* ACTIVITY *
Repeat each entry word for word.

Saved entries
──────────────────────────────

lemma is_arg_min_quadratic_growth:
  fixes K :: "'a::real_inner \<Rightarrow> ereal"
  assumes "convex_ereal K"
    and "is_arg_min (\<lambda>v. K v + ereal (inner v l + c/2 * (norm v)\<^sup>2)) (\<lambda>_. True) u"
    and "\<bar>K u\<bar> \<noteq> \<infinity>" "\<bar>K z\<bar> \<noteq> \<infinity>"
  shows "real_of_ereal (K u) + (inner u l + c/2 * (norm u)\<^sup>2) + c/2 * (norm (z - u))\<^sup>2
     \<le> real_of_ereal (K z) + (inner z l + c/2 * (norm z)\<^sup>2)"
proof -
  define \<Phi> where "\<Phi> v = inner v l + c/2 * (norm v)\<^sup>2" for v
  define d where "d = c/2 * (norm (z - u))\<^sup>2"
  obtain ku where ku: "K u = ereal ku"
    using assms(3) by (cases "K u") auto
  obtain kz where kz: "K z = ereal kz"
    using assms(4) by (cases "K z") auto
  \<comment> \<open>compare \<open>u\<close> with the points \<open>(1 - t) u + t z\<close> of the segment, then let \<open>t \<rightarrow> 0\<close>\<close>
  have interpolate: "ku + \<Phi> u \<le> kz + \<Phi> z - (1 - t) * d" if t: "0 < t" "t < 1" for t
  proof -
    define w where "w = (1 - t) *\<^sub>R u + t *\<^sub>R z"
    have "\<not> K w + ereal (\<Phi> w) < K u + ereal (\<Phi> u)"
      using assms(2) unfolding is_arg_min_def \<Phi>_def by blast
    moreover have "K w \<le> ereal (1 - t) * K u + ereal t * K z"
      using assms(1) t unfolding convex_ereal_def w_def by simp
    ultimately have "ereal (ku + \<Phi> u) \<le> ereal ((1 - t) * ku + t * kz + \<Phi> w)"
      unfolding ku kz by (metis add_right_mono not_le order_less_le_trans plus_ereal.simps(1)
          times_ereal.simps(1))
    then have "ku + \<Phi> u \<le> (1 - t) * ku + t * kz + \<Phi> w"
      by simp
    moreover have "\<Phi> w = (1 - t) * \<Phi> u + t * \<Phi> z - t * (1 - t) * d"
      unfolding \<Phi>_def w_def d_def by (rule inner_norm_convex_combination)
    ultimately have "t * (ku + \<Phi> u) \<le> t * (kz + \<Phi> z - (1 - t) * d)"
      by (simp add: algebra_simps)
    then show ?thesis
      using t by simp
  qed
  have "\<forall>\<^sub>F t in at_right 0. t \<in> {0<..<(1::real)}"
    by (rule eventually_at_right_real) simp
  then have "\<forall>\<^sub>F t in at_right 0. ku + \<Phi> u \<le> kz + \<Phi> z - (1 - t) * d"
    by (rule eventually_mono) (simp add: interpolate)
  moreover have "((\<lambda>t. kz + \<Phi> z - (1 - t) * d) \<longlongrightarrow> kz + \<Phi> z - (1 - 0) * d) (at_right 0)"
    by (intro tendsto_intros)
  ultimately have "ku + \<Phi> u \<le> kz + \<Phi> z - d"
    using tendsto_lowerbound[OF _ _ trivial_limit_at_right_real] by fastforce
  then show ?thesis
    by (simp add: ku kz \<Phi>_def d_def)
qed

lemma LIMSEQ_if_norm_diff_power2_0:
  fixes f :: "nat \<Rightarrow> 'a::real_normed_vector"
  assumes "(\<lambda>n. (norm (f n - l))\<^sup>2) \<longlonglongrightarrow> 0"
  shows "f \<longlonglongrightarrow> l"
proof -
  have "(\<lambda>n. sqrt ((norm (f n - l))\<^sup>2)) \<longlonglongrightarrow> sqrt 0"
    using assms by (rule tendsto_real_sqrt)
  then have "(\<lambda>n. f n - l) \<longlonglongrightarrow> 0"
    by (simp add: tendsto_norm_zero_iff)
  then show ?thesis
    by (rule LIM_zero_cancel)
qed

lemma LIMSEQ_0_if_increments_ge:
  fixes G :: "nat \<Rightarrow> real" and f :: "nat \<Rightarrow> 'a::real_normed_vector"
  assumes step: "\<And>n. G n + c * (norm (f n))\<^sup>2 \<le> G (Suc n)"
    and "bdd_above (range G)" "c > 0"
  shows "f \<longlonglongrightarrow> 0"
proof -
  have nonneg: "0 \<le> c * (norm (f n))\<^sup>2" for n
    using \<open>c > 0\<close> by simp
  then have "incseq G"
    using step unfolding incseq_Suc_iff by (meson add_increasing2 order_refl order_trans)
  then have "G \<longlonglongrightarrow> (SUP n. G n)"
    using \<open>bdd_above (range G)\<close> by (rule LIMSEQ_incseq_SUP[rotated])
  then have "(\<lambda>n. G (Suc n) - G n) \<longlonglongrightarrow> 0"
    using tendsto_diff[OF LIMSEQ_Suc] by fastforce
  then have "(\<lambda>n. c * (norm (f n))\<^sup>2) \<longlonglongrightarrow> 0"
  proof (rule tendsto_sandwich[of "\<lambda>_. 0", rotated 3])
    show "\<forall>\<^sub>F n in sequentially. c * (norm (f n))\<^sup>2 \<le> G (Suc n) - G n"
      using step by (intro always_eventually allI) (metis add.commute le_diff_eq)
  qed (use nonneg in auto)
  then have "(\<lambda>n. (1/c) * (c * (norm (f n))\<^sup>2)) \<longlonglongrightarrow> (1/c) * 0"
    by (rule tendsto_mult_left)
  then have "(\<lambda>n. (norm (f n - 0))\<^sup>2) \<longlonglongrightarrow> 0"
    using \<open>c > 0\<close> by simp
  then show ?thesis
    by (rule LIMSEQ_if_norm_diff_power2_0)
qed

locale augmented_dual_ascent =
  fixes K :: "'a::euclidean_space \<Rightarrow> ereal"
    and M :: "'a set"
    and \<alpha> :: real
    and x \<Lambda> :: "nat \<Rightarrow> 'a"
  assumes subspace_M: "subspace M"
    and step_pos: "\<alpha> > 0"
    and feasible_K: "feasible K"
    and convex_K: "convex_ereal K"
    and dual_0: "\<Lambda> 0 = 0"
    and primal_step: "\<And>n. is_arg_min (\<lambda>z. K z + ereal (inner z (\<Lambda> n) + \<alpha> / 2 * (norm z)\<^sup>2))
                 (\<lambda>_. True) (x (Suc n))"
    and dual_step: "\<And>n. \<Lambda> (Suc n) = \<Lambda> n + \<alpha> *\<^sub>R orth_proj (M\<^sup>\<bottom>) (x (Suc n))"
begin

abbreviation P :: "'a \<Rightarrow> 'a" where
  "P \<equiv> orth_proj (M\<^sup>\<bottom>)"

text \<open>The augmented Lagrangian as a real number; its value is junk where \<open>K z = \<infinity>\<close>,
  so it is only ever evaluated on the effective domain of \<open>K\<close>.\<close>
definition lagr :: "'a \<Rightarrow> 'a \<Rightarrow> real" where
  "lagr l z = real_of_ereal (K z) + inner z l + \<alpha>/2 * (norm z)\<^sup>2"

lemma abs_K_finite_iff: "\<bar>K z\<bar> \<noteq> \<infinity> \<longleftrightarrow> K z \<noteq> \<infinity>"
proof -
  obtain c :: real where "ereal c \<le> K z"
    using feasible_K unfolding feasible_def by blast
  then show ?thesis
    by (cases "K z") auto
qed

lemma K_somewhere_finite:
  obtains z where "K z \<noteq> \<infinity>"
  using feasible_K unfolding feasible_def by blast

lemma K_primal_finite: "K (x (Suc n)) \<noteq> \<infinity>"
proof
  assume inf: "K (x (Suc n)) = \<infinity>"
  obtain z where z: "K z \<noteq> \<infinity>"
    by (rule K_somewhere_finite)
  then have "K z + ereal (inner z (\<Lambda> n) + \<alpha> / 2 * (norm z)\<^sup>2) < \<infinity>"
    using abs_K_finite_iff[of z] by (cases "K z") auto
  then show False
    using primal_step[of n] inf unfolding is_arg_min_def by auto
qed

──────────────────────────────

* RESULT *
lemma is_arg_min_quadratic_growth:
  fixes K :: "'a::real_inner \<Rightarrow> ereal"
  assumes "convex_ereal K"
    and "is_arg_min (\<lambda>v. K v + ereal (inner v l + c/2 * (norm v)\<^sup>2)) (\<lambda>_. True) u"
    and "\<bar>K u\<bar> \<noteq> \<infinity>" "\<bar>K z\<bar> \<noteq> \<infinity>"
  shows "real_of_ereal (K u) + (inner u l + c/2 * (norm u)\<^sup>2) + c/2 * (norm (z - u))\<^sup>2
     \<le> real_of_ereal (K z) + (inner z l + c/2 * (norm z)\<^sup>2)"
proof -
  define \<Phi> where "\<Phi> v = inner v l + c/2 * (norm v)\<^sup>2" for v
  define d where "d = c/2 * (norm (z - u))\<^sup>2"
  obtain ku where ku: "K u = ereal ku"
    using assms(3) by (cases "K u") auto
  obtain kz where kz: "K z = ereal kz"
    using assms(4) by (cases "K z") auto
  \<comment> \<open>compare \<open>u\<close> with the points \<open>(1 - t) u + t z\<close> of the segment, then let \<open>t \<rightarrow> 0\<close>\<close>
  have interpolate: "ku + \<Phi> u \<le> kz + \<Phi> z - (1 - t) * d" if t: "0 < t" "t < 1" for t
  proof -
    define w where "w = (1 - t) *\<^sub>R u + t *\<^sub>R z"
    have "\<not> K w + ereal (\<Phi> w) < K u + ereal (\<Phi> u)"
      using assms(2) unfolding is_arg_min_def \<Phi>_def by blast
    moreover have "K w \<le> ereal (1 - t) * K u + ereal t * K z"
      using assms(1) t unfolding convex_ereal_def w_def by simp
    ultimately have "ereal (ku + \<Phi> u) \<le> ereal ((1 - t) * ku + t * kz + \<Phi> w)"
      unfolding ku kz by (metis add_right_mono not_le order_less_le_trans plus_ereal.simps(1)
          times_ereal.simps(1))
    then have "ku + \<Phi> u \<le> (1 - t) * ku + t * kz + \<Phi> w"
      by simp
    moreover have "\<Phi> w = (1 - t) * \<Phi> u + t * \<Phi> z - t * (1 - t) * d"
      unfolding \<Phi>_def w_def d_def by (rule inner_norm_convex_combination)
    ultimately have "t * (ku + \<Phi> u) \<le> t * (kz + \<Phi> z - (1 - t) * d)"
      by (simp add: algebra_simps)
    then show ?thesis
      using t by simp
  qed
  have "\<forall>\<^sub>F t in at_right 0. t \<in> {0<..<(1::real)}"
    by (rule eventually_at_right_real) simp
  then have "\<forall>\<^sub>F t in at_right 0. ku + \<Phi> u \<le> kz + \<Phi> z - (1 - t) * d"
    by (rule eventually_mono) (simp add: interpolate)
  moreover have "((\<lambda>t. kz + \<Phi> z - (1 - t) * d) \<longlongrightarrow> kz + \<Phi> z - (1 - 0) * d) (at_right 0)"
    by (intro tendsto_intros)
  ultimately have "ku + \<Phi> u \<le> kz + \<Phi> z - d"
    using tendsto_lowerbound[OF _ _ trivial_limit_at_right_real] by fastforce
  then show ?thesis
    by (simp add: ku kz \<Phi>_def d_def)
qed

lemma LIMSEQ_if_norm_diff_power2_0:
  fixes f :: "nat \<Rightarrow> 'a::real_normed_vector"
  assumes "(\<lambda>n. (norm (f n - l))\<^sup>2) \<longlonglongrightarrow> 0"
  shows "f \<longlonglongrightarrow> l"
proof -
  have "(\<lambda>n. sqrt ((norm (f n - l))\<^sup>2)) \<longlonglongrightarrow> sqrt 0"
    using assms by (rule tendsto_real_sqrt)
  then have "(\<lambda>n. f n - l) \<longlonglongrightarrow> 0"
    by (simp add: tendsto_norm_zero_iff)
  then show ?thesis
    by (rule LIM_zero_cancel)
qed

lemma LIMSEQ_0_if_increments_ge:
  fixes G :: "nat \<Rightarrow> real" and f :: "nat \<Rightarrow> 'a::real_normed_vector"
  assumes step: "\<And>n. G n + c * (norm (f n))\<^sup>2 \<le> G (Suc n)"
    and "bdd_above (range G)" "c > 0"
  shows "f \<longlonglongrightarrow> 0"
proof -
  have nonneg: "0 \<le> c * (norm (f n))\<^sup>2" for n
    using \<open>c > 0\<close> by simp
  then have "incseq G"
    using step unfolding incseq_Suc_iff by (meson add_increasing2 order_refl order_trans)
  then have "G \<longlonglongrightarrow> (SUP n. G n)"
    using \<open>bdd_above (range G)\<close> by (rule LIMSEQ_incseq_SUP[rotated])
  then have "(\<lambda>n. G (Suc n) - G n) \<longlonglongrightarrow> 0"
    using tendsto_diff[OF LIMSEQ_Suc] by fastforce
  then have "(\<lambda>n. c * (norm (f n))\<^sup>2) \<longlonglongrightarrow> 0"
  proof (rule tendsto_sandwich[of "\<lambda>_. 0", rotated 3])
    show "\<forall>\<^sub>F n in sequentially. c * (norm (f n))\<^sup>2 \<le> G (Suc n) - G n"
      using step by (intro always_eventually allI) (metis add.commute le_diff_eq)
  qed (use nonneg in auto)
  then have "(\<lambda>n. (1/c) * (c * (norm (f n))\<^sup>2)) \<longlonglongrightarrow> (1/c) * 0"
    by (rule tendsto_mult_left)
  then have "(\<lambda>n. (norm (f n - 0))\<^sup>2) \<longlonglongrightarrow> 0"
    using \<open>c > 0\<close> by simp
  then show ?thesis
    by (rule LIMSEQ_if_norm_diff_power2_0)
qed

locale augmented_dual_ascent =
  fixes K :: "'a::euclidean_space \<Rightarrow> ereal"
    and M :: "'a set"
    and \<alpha> :: real
    and x \<Lambda> :: "nat \<Rightarrow> 'a"
  assumes subspace_M: "subspace M"
    and step_pos: "\<alpha> > 0"
    and feasible_K: "feasible K"
    and convex_K: "convex_ereal K"
    and dual_0: "\<Lambda> 0 = 0"
    and primal_step: "\<And>n. is_arg_min (\<lambda>z. K z + ereal (inner z (\<Lambda> n) + \<alpha> / 2 * (norm z)\<^sup>2))
                 (\<lambda>_. True) (x (Suc n))"
    and dual_step: "\<And>n. \<Lambda> (Suc n) = \<Lambda> n + \<alpha> *\<^sub>R orth_proj (M\<^sup>\<bottom>) (x (Suc n))"
begin

abbreviation P :: "'a \<Rightarrow> 'a" where
  "P \<equiv> orth_proj (M\<^sup>\<bottom>)"

text \<open>The augmented Lagrangian as a real number; its value is junk where \<open>K z = \<infinity>\<close>,
  so it is only ever evaluated on the effective domain of \<open>K\<close>.\<close>
definition lagr :: "'a \<Rightarrow> 'a \<Rightarrow> real" where
  "lagr l z = real_of_ereal (K z) + inner z l + \<alpha>/2 * (norm z)\<^sup>2"

lemma abs_K_finite_iff: "\<bar>K z\<bar> \<noteq> \<infinity> \<longleftrightarrow> K z \<noteq> \<infinity>"
proof -
  obtain c :: real where "ereal c \<le> K z"
    using feasible_K unfolding feasible_def by blast
  then show ?thesis
    by (cases "K z") auto
qed

lemma K_somewhere_finite:
  obtains z where "K z \<noteq> \<infinity>"
  using feasible_K unfolding feasible_def by blast

lemma K_primal_finite: "K (x (Suc n)) \<noteq> \<infinity>"
proof
  assume inf: "K (x (Suc n)) = \<infinity>"
  obtain z where z: "K z \<noteq> \<infinity>"
    by (rule K_somewhere_finite)
  then have "K z + ereal (inner z (\<Lambda> n) + \<alpha> / 2 * (norm z)\<^sup>2) < \<infinity>"
    using abs_K_finite_iff[of z] by (cases "K z") auto
  then show False
    using primal_step[of n] inf unfolding is_arg_min_def by auto
qed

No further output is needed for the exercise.